Exercise brief: Look through the data below. Pick out the lines holding the string "thesis".

Records for this task:
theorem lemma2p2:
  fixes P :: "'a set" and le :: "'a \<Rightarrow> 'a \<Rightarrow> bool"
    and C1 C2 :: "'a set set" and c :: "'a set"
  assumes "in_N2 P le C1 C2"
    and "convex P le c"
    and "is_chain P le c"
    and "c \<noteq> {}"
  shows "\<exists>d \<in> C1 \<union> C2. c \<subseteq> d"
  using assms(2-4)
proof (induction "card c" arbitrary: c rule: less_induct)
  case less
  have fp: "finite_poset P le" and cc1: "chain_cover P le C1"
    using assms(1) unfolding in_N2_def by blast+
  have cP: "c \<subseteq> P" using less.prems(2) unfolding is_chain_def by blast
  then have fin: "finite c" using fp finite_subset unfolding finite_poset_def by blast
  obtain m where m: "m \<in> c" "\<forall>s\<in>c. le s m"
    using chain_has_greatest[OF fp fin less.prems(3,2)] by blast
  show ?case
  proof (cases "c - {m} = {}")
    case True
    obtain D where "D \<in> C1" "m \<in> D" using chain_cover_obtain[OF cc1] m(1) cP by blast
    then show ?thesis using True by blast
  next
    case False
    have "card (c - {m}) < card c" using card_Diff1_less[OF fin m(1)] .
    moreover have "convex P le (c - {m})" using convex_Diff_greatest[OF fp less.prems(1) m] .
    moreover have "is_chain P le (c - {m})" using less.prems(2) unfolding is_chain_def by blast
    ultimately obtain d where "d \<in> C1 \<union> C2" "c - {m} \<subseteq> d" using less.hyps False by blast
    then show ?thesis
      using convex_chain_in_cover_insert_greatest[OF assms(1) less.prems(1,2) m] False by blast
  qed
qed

Result for this task:
    then show ?thesis using True by blast
    then show ?thesis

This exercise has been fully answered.